_Problem description:_
Only the lines from the line containing "using that c cInf_lower[OF" to the end of the records, both included, belong in the answer, copied exactly.

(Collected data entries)

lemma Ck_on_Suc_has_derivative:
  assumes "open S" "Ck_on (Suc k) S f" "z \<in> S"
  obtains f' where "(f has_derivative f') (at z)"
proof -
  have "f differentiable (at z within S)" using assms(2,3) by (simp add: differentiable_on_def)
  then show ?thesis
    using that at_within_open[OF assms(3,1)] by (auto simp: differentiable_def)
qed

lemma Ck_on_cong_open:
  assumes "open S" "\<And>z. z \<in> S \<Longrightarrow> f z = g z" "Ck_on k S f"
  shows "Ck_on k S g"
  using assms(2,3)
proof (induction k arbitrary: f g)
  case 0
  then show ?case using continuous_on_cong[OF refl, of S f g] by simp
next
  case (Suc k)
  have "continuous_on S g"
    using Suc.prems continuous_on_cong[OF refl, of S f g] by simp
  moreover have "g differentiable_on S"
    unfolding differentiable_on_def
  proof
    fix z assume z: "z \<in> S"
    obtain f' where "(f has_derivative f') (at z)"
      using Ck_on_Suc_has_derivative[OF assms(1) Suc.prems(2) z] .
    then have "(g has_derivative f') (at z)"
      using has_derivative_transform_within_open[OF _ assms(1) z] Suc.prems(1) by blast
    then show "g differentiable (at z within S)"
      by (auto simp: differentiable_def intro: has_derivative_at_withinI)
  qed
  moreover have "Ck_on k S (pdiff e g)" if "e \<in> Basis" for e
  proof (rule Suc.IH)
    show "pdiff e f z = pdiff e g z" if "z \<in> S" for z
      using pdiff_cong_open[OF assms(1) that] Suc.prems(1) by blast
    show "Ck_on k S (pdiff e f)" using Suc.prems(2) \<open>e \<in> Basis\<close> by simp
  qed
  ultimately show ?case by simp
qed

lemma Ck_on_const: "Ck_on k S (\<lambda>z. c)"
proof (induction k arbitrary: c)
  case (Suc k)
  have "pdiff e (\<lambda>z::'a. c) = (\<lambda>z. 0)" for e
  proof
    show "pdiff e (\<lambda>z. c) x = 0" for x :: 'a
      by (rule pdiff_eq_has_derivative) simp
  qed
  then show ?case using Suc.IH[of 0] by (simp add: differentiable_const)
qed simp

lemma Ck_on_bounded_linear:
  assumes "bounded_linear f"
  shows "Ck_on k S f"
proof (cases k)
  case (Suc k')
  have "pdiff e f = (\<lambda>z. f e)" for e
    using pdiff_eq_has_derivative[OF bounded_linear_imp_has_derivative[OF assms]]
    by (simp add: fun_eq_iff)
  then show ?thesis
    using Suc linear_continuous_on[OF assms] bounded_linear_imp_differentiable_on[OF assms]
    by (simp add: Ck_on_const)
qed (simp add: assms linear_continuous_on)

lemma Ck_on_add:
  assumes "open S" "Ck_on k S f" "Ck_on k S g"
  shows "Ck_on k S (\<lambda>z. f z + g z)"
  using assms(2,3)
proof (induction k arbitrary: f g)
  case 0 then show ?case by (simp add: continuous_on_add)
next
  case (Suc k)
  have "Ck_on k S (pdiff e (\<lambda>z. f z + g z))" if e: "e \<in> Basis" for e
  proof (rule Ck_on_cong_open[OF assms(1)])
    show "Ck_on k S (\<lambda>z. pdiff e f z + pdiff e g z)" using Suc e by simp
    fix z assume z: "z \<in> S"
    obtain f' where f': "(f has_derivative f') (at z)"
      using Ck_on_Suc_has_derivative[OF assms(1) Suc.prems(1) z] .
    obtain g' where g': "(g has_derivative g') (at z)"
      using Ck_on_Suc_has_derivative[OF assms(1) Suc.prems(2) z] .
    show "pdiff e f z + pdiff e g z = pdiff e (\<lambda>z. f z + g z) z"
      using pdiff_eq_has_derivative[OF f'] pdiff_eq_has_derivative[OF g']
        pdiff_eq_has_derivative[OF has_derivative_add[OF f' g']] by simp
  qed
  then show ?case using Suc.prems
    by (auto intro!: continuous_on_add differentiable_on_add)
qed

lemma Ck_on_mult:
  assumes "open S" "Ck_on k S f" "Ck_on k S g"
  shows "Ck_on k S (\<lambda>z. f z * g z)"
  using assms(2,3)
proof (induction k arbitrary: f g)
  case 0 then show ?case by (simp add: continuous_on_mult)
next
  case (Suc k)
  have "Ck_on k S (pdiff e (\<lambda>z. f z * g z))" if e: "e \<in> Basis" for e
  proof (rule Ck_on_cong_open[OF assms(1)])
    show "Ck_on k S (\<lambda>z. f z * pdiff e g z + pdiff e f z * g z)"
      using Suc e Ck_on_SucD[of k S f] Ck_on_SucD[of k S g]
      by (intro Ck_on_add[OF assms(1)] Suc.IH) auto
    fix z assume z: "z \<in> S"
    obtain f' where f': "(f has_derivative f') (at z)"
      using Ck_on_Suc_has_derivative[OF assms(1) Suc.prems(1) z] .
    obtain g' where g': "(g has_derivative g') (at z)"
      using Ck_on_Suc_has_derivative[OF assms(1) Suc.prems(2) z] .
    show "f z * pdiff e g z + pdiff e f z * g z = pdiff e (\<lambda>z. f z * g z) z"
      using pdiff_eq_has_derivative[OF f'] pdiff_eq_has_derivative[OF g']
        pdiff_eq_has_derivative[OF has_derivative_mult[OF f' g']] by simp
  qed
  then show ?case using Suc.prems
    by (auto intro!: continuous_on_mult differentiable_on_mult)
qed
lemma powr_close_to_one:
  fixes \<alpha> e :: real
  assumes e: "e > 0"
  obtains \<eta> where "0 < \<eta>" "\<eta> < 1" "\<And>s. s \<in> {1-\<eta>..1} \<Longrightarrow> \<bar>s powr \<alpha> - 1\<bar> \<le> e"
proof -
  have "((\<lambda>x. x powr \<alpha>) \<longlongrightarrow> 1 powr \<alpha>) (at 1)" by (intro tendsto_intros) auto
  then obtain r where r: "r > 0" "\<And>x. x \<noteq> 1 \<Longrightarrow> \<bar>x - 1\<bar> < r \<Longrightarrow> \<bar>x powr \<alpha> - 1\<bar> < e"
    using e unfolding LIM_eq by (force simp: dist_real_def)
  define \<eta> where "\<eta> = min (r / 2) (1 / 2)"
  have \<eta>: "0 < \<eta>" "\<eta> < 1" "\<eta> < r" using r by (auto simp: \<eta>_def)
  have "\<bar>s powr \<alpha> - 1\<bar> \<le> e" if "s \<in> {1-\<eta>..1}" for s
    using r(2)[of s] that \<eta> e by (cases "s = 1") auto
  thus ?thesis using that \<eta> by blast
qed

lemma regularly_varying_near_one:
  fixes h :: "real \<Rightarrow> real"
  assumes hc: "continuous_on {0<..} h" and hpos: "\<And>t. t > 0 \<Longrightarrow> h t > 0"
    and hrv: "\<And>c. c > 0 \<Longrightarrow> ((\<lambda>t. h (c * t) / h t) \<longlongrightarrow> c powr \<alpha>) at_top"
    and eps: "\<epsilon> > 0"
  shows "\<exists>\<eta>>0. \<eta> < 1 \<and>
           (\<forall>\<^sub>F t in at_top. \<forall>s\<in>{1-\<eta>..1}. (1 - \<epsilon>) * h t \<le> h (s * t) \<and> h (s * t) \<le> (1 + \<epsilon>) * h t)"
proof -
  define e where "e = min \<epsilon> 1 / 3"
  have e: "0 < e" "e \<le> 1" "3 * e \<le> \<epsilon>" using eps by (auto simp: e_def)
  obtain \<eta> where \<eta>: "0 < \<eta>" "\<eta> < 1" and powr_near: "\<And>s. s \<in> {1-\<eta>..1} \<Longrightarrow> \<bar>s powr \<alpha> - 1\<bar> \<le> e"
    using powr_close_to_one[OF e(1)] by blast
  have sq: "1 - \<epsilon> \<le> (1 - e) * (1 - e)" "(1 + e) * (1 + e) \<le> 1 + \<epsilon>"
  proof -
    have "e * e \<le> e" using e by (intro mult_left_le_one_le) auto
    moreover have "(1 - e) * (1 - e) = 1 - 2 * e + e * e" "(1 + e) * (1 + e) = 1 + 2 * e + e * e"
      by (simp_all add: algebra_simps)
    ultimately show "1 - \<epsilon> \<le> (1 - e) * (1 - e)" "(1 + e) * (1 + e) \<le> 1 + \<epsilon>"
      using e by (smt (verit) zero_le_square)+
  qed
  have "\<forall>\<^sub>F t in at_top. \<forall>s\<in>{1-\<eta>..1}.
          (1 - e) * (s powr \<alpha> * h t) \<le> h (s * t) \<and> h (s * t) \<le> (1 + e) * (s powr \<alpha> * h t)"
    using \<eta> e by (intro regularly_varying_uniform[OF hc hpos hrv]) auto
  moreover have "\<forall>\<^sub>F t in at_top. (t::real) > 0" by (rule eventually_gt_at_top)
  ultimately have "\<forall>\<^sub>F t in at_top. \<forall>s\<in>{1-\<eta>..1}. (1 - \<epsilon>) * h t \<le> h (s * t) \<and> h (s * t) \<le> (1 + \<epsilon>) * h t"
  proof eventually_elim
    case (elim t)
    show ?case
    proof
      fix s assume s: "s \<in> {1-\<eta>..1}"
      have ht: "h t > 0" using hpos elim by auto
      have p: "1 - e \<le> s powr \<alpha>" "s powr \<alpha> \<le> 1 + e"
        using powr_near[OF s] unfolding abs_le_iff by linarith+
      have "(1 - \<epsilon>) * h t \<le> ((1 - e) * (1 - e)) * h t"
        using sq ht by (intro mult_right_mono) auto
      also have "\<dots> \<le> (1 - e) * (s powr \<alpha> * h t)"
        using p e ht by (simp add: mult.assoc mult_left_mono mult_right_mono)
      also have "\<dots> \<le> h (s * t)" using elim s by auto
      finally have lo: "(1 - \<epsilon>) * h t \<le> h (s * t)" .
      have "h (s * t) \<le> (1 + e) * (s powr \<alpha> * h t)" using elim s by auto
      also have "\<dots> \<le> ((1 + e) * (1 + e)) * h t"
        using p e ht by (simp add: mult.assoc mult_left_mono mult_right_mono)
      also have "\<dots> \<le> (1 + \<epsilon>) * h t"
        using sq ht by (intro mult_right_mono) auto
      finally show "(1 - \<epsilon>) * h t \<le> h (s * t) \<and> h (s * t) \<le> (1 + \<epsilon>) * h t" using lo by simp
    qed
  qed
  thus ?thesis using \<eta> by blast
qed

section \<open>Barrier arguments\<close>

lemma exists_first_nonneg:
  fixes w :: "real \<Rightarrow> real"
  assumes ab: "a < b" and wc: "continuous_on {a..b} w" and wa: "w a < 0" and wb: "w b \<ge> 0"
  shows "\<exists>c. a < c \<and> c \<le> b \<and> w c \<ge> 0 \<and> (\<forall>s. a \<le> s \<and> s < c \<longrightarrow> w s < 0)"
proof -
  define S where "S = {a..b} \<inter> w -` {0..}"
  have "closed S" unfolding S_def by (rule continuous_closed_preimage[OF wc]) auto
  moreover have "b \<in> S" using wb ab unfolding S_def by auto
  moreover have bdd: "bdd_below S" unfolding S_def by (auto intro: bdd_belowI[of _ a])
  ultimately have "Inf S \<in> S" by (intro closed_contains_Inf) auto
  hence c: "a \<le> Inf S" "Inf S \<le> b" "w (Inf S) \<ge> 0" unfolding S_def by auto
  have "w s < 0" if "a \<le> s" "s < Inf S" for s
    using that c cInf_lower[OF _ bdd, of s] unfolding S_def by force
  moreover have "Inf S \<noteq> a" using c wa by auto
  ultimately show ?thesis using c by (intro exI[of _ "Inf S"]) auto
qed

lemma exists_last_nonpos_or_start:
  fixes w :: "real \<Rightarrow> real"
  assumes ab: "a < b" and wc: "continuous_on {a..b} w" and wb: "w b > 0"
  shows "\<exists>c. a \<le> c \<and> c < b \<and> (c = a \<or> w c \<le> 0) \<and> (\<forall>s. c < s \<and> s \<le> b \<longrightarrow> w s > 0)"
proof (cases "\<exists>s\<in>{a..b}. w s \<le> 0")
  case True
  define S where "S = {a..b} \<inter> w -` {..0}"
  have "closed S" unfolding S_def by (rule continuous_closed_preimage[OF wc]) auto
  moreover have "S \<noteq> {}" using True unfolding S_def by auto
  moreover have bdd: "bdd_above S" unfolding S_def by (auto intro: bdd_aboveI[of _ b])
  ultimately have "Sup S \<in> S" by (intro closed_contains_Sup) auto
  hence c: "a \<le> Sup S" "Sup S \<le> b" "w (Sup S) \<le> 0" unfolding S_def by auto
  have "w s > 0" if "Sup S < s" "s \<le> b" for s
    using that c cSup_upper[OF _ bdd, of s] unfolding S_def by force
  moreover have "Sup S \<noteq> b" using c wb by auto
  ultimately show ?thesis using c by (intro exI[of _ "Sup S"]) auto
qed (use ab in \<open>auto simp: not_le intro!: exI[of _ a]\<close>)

_Exercise answer:_
    using that c cInf_lower[OF _ bdd, of s] unfolding S_def by force
  moreover have "Inf S \<noteq> a" using c wa by auto
  ultimately show ?thesis using c by (intro exI[of _ "Inf S"]) auto
qed

lemma exists_last_nonpos_or_start:
  fixes w :: "real \<Rightarrow> real"
  assumes ab: "a < b" and wc: "continuous_on {a..b} w" and wb: "w b > 0"
  shows "\<exists>c. a \<le> c \<and> c < b \<and> (c = a \<or> w c \<le> 0) \<and> (\<forall>s. c < s \<and> s \<le> b \<longrightarrow> w s > 0)"
proof (cases "\<exists>s\<in>{a..b}. w s \<le> 0")
  case True
  define S where "S = {a..b} \<inter> w -` {..0}"
  have "closed S" unfolding S_def by (rule continuous_closed_preimage[OF wc]) auto
  moreover have "S \<noteq> {}" using True unfolding S_def by auto
  moreover have bdd: "bdd_above S" unfolding S_def by (auto intro: bdd_aboveI[of _ b])
  ultimately have "Sup S \<in> S" by (intro closed_contains_Sup) auto
  hence c: "a \<le> Sup S" "Sup S \<le> b" "w (Sup S) \<le> 0" unfolding S_def by auto
  have "w s > 0" if "Sup S < s" "s \<le> b" for s
    using that c cSup_upper[OF _ bdd, of s] unfolding S_def by force
  moreover have "Sup S \<noteq> b" using c wb by auto
  ultimately show ?thesis using c by (intro exI[of _ "Sup S"]) auto
qed (use ab in \<open>auto simp: not_le intro!: exI[of _ a]\<close>)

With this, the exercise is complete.